• **WHAT NEEDS TO BE DONE**
Each line with the string "cases" is to be copied from the records below.

• **MATERIAL FOR THIS TASK**
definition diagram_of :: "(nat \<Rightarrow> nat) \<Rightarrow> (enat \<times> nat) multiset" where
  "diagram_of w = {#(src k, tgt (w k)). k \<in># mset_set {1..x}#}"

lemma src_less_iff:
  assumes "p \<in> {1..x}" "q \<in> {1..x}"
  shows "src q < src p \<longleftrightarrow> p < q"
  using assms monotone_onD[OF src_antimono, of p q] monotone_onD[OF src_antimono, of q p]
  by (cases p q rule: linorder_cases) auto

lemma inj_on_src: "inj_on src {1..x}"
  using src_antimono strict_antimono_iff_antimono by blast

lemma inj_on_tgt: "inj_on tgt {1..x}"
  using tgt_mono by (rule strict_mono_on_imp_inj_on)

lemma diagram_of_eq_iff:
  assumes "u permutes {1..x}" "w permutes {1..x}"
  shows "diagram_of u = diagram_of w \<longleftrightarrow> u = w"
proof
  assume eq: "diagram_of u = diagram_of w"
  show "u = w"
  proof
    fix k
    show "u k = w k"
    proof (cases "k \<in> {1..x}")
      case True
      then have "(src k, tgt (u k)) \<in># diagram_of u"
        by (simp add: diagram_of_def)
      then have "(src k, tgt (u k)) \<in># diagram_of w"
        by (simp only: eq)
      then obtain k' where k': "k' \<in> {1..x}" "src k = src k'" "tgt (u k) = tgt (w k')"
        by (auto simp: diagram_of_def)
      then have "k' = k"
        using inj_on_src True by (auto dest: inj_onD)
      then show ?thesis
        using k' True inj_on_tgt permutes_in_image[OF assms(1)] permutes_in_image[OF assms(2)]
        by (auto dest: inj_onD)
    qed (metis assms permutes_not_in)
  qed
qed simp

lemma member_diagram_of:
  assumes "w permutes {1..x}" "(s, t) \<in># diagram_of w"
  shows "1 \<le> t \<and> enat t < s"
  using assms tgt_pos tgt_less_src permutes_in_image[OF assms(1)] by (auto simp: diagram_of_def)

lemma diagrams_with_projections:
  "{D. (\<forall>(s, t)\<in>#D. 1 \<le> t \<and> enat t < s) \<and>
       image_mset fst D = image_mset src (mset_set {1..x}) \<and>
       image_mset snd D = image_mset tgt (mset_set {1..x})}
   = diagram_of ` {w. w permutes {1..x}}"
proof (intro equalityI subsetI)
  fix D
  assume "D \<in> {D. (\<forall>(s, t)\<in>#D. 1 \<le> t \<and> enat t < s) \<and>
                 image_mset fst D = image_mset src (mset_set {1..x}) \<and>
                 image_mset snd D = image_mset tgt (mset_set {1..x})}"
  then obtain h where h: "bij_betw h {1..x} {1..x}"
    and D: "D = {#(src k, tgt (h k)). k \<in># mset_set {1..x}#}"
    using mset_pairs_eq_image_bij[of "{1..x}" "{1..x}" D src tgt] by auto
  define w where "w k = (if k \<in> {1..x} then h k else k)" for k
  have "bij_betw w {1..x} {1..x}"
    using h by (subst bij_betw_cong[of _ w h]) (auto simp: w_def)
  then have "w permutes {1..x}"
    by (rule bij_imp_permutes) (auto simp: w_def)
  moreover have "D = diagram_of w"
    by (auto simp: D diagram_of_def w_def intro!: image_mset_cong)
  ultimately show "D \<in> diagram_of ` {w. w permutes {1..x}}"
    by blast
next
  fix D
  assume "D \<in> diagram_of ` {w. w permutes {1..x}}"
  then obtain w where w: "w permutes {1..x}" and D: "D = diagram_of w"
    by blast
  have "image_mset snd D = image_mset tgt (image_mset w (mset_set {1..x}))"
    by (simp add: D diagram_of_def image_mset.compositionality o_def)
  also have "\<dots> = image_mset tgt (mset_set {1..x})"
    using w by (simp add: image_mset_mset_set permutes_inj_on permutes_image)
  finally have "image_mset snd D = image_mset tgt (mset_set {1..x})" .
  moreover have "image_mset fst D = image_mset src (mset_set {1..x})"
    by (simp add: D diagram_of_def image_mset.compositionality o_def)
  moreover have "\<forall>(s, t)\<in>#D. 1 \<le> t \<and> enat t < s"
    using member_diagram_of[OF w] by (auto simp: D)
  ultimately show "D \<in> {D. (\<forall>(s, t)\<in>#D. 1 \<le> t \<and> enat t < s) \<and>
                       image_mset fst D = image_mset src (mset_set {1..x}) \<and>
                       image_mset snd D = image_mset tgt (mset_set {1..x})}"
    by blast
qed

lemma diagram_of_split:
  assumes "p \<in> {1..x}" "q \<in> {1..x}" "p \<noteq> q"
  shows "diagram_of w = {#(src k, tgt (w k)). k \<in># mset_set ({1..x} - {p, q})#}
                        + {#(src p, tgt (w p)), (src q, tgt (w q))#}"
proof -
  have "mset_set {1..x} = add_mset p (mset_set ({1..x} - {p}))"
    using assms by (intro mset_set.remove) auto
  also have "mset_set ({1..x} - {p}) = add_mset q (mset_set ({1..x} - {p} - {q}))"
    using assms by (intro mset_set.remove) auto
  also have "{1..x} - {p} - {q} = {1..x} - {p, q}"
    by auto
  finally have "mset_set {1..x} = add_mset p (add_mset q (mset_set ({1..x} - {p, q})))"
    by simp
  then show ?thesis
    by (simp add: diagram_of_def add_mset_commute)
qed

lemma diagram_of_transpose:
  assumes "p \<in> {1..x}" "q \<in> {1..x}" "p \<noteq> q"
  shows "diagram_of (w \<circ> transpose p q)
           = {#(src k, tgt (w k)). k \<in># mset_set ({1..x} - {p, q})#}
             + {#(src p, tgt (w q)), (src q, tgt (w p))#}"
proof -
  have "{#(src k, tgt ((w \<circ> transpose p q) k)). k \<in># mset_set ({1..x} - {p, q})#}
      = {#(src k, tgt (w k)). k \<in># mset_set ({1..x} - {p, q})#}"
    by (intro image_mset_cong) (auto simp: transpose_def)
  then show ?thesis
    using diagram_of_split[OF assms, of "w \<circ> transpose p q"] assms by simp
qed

• **OUTPUT BELOW**
  by (cases p q rule: linorder_cases) auto
    proof (cases "k \<in> {1..x}")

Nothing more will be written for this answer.